• _Provided data_:
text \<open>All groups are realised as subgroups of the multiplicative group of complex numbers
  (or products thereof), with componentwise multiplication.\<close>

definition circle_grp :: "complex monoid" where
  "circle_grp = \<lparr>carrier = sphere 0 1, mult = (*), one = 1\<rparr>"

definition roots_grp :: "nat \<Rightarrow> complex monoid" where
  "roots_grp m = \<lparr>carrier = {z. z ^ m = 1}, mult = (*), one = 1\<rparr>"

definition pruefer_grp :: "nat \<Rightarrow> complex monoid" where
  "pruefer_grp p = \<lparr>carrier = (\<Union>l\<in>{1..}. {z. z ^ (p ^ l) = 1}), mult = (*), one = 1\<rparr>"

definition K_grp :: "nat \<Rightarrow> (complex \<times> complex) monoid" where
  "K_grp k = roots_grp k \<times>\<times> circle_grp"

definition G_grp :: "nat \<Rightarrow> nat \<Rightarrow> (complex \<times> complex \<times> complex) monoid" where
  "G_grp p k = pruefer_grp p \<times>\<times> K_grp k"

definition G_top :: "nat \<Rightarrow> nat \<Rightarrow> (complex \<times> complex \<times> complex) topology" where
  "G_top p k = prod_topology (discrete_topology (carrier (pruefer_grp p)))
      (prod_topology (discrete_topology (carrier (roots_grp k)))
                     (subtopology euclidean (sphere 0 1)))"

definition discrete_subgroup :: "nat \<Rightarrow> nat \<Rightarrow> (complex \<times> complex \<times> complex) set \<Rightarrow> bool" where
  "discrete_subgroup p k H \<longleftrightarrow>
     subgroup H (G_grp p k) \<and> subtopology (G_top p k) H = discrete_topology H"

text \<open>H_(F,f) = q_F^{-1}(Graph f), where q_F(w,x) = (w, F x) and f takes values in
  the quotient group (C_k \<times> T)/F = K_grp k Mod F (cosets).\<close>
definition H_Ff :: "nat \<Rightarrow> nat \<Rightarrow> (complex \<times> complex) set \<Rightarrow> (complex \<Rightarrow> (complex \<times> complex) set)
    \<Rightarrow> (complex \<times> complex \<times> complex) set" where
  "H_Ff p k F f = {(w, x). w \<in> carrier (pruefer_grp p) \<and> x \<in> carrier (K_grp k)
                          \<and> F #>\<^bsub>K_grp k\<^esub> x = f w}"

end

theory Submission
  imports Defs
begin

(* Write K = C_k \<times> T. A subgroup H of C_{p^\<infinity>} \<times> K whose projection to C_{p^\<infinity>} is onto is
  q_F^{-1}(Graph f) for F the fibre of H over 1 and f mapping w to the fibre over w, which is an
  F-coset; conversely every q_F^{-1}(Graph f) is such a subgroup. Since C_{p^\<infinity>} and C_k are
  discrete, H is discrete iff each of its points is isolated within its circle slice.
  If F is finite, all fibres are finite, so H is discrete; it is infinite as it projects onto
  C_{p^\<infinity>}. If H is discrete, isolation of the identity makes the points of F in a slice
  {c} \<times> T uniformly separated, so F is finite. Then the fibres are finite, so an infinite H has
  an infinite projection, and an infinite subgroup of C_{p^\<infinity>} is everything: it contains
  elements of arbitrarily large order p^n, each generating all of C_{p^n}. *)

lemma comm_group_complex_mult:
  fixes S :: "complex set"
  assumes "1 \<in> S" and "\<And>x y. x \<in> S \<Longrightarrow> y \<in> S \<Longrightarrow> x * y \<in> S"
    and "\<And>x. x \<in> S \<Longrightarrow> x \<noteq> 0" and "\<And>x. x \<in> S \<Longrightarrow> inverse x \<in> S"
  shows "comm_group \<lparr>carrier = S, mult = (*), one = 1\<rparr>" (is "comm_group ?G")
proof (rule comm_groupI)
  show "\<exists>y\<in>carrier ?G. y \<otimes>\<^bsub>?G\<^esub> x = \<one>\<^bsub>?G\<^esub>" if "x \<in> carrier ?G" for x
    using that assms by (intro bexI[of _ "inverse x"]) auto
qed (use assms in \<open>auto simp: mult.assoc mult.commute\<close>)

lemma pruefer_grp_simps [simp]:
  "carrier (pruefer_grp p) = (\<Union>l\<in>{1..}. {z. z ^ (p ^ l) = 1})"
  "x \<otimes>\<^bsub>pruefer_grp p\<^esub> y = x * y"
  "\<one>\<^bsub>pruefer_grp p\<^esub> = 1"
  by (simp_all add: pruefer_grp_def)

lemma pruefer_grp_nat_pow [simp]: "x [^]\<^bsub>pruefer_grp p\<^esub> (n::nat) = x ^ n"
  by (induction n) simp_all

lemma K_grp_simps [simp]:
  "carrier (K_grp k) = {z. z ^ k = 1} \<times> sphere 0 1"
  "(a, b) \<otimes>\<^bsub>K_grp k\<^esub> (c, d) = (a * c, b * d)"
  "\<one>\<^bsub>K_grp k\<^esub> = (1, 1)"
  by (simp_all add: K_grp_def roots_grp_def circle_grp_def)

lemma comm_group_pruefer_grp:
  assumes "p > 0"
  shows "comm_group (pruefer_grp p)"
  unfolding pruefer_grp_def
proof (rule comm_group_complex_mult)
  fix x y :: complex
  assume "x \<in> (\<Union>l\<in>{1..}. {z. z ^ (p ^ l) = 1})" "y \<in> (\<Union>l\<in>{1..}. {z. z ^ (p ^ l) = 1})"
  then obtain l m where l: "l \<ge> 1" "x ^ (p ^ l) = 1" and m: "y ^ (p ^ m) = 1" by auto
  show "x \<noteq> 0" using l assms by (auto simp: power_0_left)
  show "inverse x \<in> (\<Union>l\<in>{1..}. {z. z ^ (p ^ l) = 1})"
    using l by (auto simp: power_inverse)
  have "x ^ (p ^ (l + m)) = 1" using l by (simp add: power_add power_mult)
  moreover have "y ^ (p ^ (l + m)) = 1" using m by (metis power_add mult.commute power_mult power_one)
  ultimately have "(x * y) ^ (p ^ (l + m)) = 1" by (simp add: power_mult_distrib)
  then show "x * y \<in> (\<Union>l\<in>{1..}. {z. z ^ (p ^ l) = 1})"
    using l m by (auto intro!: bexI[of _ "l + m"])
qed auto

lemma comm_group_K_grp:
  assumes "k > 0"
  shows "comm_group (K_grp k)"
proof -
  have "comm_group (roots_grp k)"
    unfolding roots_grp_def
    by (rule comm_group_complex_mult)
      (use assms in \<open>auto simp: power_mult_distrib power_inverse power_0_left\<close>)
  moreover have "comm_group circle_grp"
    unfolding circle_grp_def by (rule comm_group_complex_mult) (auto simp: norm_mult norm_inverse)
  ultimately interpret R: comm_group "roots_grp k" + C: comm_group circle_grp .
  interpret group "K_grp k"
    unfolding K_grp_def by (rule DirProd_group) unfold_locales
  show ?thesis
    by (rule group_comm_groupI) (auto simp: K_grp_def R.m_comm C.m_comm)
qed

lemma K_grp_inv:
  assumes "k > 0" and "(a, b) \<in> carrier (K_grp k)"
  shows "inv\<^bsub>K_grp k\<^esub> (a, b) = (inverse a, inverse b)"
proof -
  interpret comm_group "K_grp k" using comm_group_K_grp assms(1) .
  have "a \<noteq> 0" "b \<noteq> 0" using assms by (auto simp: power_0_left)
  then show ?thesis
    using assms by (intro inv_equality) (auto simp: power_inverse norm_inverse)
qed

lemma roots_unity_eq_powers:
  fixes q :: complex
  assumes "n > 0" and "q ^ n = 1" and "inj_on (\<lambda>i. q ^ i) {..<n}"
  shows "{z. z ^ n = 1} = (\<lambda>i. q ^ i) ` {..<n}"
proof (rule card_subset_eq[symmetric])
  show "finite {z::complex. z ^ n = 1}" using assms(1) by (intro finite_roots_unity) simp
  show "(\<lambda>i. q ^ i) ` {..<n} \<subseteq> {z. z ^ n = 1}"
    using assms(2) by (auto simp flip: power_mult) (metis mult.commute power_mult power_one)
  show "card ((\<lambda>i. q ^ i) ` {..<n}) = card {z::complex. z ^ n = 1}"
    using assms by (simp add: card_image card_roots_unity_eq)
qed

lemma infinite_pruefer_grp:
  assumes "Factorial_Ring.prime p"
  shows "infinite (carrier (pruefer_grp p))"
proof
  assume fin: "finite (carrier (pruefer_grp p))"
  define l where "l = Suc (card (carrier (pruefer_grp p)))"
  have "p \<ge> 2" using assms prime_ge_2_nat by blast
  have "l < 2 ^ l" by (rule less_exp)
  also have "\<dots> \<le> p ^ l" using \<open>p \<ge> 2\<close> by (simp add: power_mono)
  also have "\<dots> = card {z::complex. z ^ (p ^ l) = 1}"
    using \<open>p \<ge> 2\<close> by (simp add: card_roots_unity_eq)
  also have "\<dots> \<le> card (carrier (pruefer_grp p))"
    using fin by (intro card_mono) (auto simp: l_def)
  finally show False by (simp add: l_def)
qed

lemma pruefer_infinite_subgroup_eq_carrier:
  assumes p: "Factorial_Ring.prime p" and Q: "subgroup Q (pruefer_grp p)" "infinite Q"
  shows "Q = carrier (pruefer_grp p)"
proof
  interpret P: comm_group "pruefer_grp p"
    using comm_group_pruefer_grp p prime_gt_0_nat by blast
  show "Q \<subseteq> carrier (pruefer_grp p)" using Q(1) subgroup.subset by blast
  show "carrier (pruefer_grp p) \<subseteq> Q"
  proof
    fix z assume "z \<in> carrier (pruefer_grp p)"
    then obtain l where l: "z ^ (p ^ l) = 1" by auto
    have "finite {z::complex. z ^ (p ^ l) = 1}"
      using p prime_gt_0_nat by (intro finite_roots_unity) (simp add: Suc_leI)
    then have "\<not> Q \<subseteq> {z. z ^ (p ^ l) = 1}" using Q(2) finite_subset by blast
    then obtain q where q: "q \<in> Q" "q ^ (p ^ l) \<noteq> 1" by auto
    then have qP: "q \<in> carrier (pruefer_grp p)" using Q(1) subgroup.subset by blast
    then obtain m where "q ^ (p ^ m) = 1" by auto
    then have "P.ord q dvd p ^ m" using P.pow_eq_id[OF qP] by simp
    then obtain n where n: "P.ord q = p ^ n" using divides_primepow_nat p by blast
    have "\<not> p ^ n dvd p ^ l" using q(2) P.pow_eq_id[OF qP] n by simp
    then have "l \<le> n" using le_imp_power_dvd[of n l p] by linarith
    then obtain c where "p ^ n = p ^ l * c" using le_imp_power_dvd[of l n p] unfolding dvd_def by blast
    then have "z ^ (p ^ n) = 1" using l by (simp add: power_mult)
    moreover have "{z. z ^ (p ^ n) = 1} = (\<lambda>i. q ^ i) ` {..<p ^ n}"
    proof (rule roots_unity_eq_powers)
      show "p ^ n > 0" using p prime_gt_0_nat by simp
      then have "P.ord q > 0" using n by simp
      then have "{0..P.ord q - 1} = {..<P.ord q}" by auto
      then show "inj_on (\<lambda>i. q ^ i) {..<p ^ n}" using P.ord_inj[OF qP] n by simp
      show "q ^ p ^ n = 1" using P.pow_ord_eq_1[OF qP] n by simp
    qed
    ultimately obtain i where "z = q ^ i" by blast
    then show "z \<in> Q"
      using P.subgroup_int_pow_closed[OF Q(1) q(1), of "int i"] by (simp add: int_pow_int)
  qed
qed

• _What is required_: Look above for the line holding "unfolding K_grp_def by" and the line holding "((\<lambda>i. q ^", then output exactly those two lines and every line between them, nothing more.

• _Output for this exercise_:
    unfolding K_grp_def by (rule DirProd_group) unfold_locales
  show ?thesis
    by (rule group_comm_groupI) (auto simp: K_grp_def R.m_comm C.m_comm)
qed

lemma K_grp_inv:
  assumes "k > 0" and "(a, b) \<in> carrier (K_grp k)"
  shows "inv\<^bsub>K_grp k\<^esub> (a, b) = (inverse a, inverse b)"
proof -
  interpret comm_group "K_grp k" using comm_group_K_grp assms(1) .
  have "a \<noteq> 0" "b \<noteq> 0" using assms by (auto simp: power_0_left)
  then show ?thesis
    using assms by (intro inv_equality) (auto simp: power_inverse norm_inverse)
qed

lemma roots_unity_eq_powers:
  fixes q :: complex
  assumes "n > 0" and "q ^ n = 1" and "inj_on (\<lambda>i. q ^ i) {..<n}"
  shows "{z. z ^ n = 1} = (\<lambda>i. q ^ i) ` {..<n}"
proof (rule card_subset_eq[symmetric])
  show "finite {z::complex. z ^ n = 1}" using assms(1) by (intro finite_roots_unity) simp
  show "(\<lambda>i. q ^ i) ` {..<n} \<subseteq> {z. z ^ n = 1}"
    using assms(2) by (auto simp flip: power_mult) (metis mult.commute power_mult power_one)
  show "card ((\<lambda>i. q ^ i) ` {..<n}) = card {z::complex. z ^ n = 1}"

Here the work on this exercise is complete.